[Saved entries]
————
lemma limit_point_osup:
  assumes "A \<subseteq> C" "A \<noteq> {}" "\<forall>a\<in>A. a \<le> b" and no_max: "\<forall>a\<in>A. \<exists>a'\<in>A. a < a'"
  shows "limit_point C (osup A)"
proof -
  let ?s = "osup A"
  have sub: "A \<subseteq> C \<inter> {..<?s}" using assms(1) osup_no_max_less[OF assms(3) no_max] by auto
  have "?s \<le> osup (C \<inter> {..<?s})" by (rule osup_mono[where b = ?s, OF sub]) auto
  moreover have "C \<inter> {..<?s} \<noteq> {}" using sub assms(2) by auto
  moreover have "osup (C \<inter> {..<?s}) \<le> ?s" by (rule osup_least) auto
  ultimately show ?thesis unfolding limit_point_def by simp
qed

lemma limit_point_osup_seq:
  fixes bs :: "nat \<Rightarrow> 'a::wellorder"
  assumes bound: "\<forall>n. bs n \<le> ub" and meets: "\<forall>n. \<exists>x\<in>K. bs n \<le> x \<and> x < bs (Suc n)"
  shows "limit_point K (osup (range bs))"
proof -
  let ?g = "osup (range bs)"
  let ?A = "{x\<in>K. \<exists>n. bs n \<le> x \<and> x < bs (Suc n)}"
  have le_g: "bs n \<le> ?g" for n using bound by (intro osup_upper[of _ ub]) auto
  have "?A \<subseteq> {..<?g}" using le_g less_le_trans by blast
  then have "osup ?A \<le> osup (K \<inter> {..<?g})" by (intro osup_mono[of _ _ ?g]) auto
  moreover have "?g \<le> osup ?A"
  proof (rule osup_least, safe)
    fix n
    obtain x where x: "x \<in> K" "bs n \<le> x" "x < bs (Suc n)" using meets by blast
    have "\<forall>y\<in>?A. y \<le> ?g" using \<open>?A \<subseteq> {..<?g}\<close> by auto
    then have "x \<le> osup ?A" using x by (intro osup_upper) auto
    then show "bs n \<le> osup ?A" using x(2) by simp
  qed
  moreover have "osup (K \<inter> {..<?g}) \<le> ?g" by (rule osup_least) auto
  moreover have "K \<inter> {..<?g} \<noteq> {}"
  proof -
    obtain x where "x \<in> K" "x < bs (Suc 0)" using meets by blast
    then show ?thesis using le_g[of "Suc 0"] by auto
  qed
  ultimately show ?thesis unfolding limit_point_def by simp
qed
text \<open>Ends are the equivalence classes of rays; G has exactly one end iff there is a ray
  and any two rays are equivalent.\<close>
definition one_ended :: "'v set \<Rightarrow> ('v \<Rightarrow> 'v \<Rightarrow> bool) \<Rightarrow> bool" where
  "one_ended V E \<longleftrightarrow> (\<exists>r. ray V E r) \<and> (\<forall>r s. ray V E r \<longrightarrow> ray V E s \<longrightarrow> equiv_rays V E r s)"

definition acts_by_automorphisms ::
  "('g, 'b) monoid_scheme \<Rightarrow> 'v set \<Rightarrow> ('v \<Rightarrow> 'v \<Rightarrow> bool) \<Rightarrow> ('g \<Rightarrow> 'v \<Rightarrow> 'v) \<Rightarrow> bool" where
  "acts_by_automorphisms \<Gamma> V E \<phi> \<longleftrightarrow> group_action \<Gamma> V \<phi> \<and>
     (\<forall>g\<in>carrier \<Gamma>. \<forall>u\<in>V. \<forall>w\<in>V. E u w \<longleftrightarrow> E (\<phi> g u) (\<phi> g w))"

definition quasi_transitive ::
  "('g, 'b) monoid_scheme \<Rightarrow> 'v set \<Rightarrow> ('v \<Rightarrow> 'v \<Rightarrow> bool) \<Rightarrow> ('g \<Rightarrow> 'v \<Rightarrow> 'v) \<Rightarrow> bool" where
  "quasi_transitive \<Gamma> V E \<phi> \<longleftrightarrow> acts_by_automorphisms \<Gamma> V E \<phi> \<and> finite (orbits \<Gamma> V \<phi>)"

definition oriented_sep :: "'v set \<Rightarrow> ('v \<Rightarrow> 'v \<Rightarrow> bool) \<Rightarrow> 'v set \<Rightarrow> 'v set \<Rightarrow> bool" where
  "oriented_sep V E A B \<longleftrightarrow> A \<union> B = V \<and> (\<forall>a\<in>A - B. \<forall>b\<in>B - A. \<not> E a b)"

definition separation :: "'v set \<Rightarrow> ('v \<Rightarrow> 'v \<Rightarrow> bool) \<Rightarrow> 'v set set \<Rightarrow> bool" where
  "separation V E S \<longleftrightarrow> (\<exists>A B. S = {A, B} \<and> oriented_sep V E A B)"

definition orientations :: "'v set set \<Rightarrow> ('v set \<times> 'v set) set" where
  "orientations S = {(A, B). S = {A, B}}"

definition vec :: "'v set set set \<Rightarrow> ('v set \<times> 'v set) set" where
  "vec N = (\<Union>S\<in>N. orientations S)"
————
From the first line to the last, give the data again exactly.

lemma limit_point_osup:
  assumes "A \<subseteq> C" "A \<noteq> {}" "\<forall>a\<in>A. a \<le> b" and no_max: "\<forall>a\<in>A. \<exists>a'\<in>A. a < a'"
  shows "limit_point C (osup A)"
proof -
  let ?s = "osup A"
  have sub: "A \<subseteq> C \<inter> {..<?s}" using assms(1) osup_no_max_less[OF assms(3) no_max] by auto
  have "?s \<le> osup (C \<inter> {..<?s})" by (rule osup_mono[where b = ?s, OF sub]) auto
  moreover have "C \<inter> {..<?s} \<noteq> {}" using sub assms(2) by auto
  moreover have "osup (C \<inter> {..<?s}) \<le> ?s" by (rule osup_least) auto
  ultimately show ?thesis unfolding limit_point_def by simp
qed

lemma limit_point_osup_seq:
  fixes bs :: "nat \<Rightarrow> 'a::wellorder"
  assumes bound: "\<forall>n. bs n \<le> ub" and meets: "\<forall>n. \<exists>x\<in>K. bs n \<le> x \<and> x < bs (Suc n)"
  shows "limit_point K (osup (range bs))"
proof -
  let ?g = "osup (range bs)"
  let ?A = "{x\<in>K. \<exists>n. bs n \<le> x \<and> x < bs (Suc n)}"
  have le_g: "bs n \<le> ?g" for n using bound by (intro osup_upper[of _ ub]) auto
  have "?A \<subseteq> {..<?g}" using le_g less_le_trans by blast
  then have "osup ?A \<le> osup (K \<inter> {..<?g})" by (intro osup_mono[of _ _ ?g]) auto
  moreover have "?g \<le> osup ?A"
  proof (rule osup_least, safe)
    fix n
    obtain x where x: "x \<in> K" "bs n \<le> x" "x < bs (Suc n)" using meets by blast
    have "\<forall>y\<in>?A. y \<le> ?g" using \<open>?A \<subseteq> {..<?g}\<close> by auto
    then have "x \<le> osup ?A" using x by (intro osup_upper) auto
    then show "bs n \<le> osup ?A" using x(2) by simp
  qed
  moreover have "osup (K \<inter> {..<?g}) \<le> ?g" by (rule osup_least) auto
  moreover have "K \<inter> {..<?g} \<noteq> {}"
  proof -
    obtain x where "x \<in> K" "x < bs (Suc 0)" using meets by blast
    then show ?thesis using le_g[of "Suc 0"] by auto
  qed
  ultimately show ?thesis unfolding limit_point_def by simp
qed
text \<open>Ends are the equivalence classes of rays; G has exactly one end iff there is a ray
  and any two rays are equivalent.\<close>
definition one_ended :: "'v set \<Rightarrow> ('v \<Rightarrow> 'v \<Rightarrow> bool) \<Rightarrow> bool" where
  "one_ended V E \<longleftrightarrow> (\<exists>r. ray V E r) \<and> (\<forall>r s. ray V E r \<longrightarrow> ray V E s \<longrightarrow> equiv_rays V E r s)"

definition acts_by_automorphisms ::
  "('g, 'b) monoid_scheme \<Rightarrow> 'v set \<Rightarrow> ('v \<Rightarrow> 'v \<Rightarrow> bool) \<Rightarrow> ('g \<Rightarrow> 'v \<Rightarrow> 'v) \<Rightarrow> bool" where
  "acts_by_automorphisms \<Gamma> V E \<phi> \<longleftrightarrow> group_action \<Gamma> V \<phi> \<and>
     (\<forall>g\<in>carrier \<Gamma>. \<forall>u\<in>V. \<forall>w\<in>V. E u w \<longleftrightarrow> E (\<phi> g u) (\<phi> g w))"

definition quasi_transitive ::
  "('g, 'b) monoid_scheme \<Rightarrow> 'v set \<Rightarrow> ('v \<Rightarrow> 'v \<Rightarrow> bool) \<Rightarrow> ('g \<Rightarrow> 'v \<Rightarrow> 'v) \<Rightarrow> bool" where
  "quasi_transitive \<Gamma> V E \<phi> \<longleftrightarrow> acts_by_automorphisms \<Gamma> V E \<phi> \<and> finite (orbits \<Gamma> V \<phi>)"

definition oriented_sep :: "'v set \<Rightarrow> ('v \<Rightarrow> 'v \<Rightarrow> bool) \<Rightarrow> 'v set \<Rightarrow> 'v set \<Rightarrow> bool" where
  "oriented_sep V E A B \<longleftrightarrow> A \<union> B = V \<and> (\<forall>a\<in>A - B. \<forall>b\<in>B - A. \<not> E a b)"

definition separation :: "'v set \<Rightarrow> ('v \<Rightarrow> 'v \<Rightarrow> bool) \<Rightarrow> 'v set set \<Rightarrow> bool" where
  "separation V E S \<longleftrightarrow> (\<exists>A B. S = {A, B} \<and> oriented_sep V E A B)"

definition orientations :: "'v set set \<Rightarrow> ('v set \<times> 'v set) set" where
  "orientations S = {(A, B). S = {A, B}}"

definition vec :: "'v set set set \<Rightarrow> ('v set \<times> 'v set) set" where
  "vec N = (\<Union>S\<in>N. orientations S)"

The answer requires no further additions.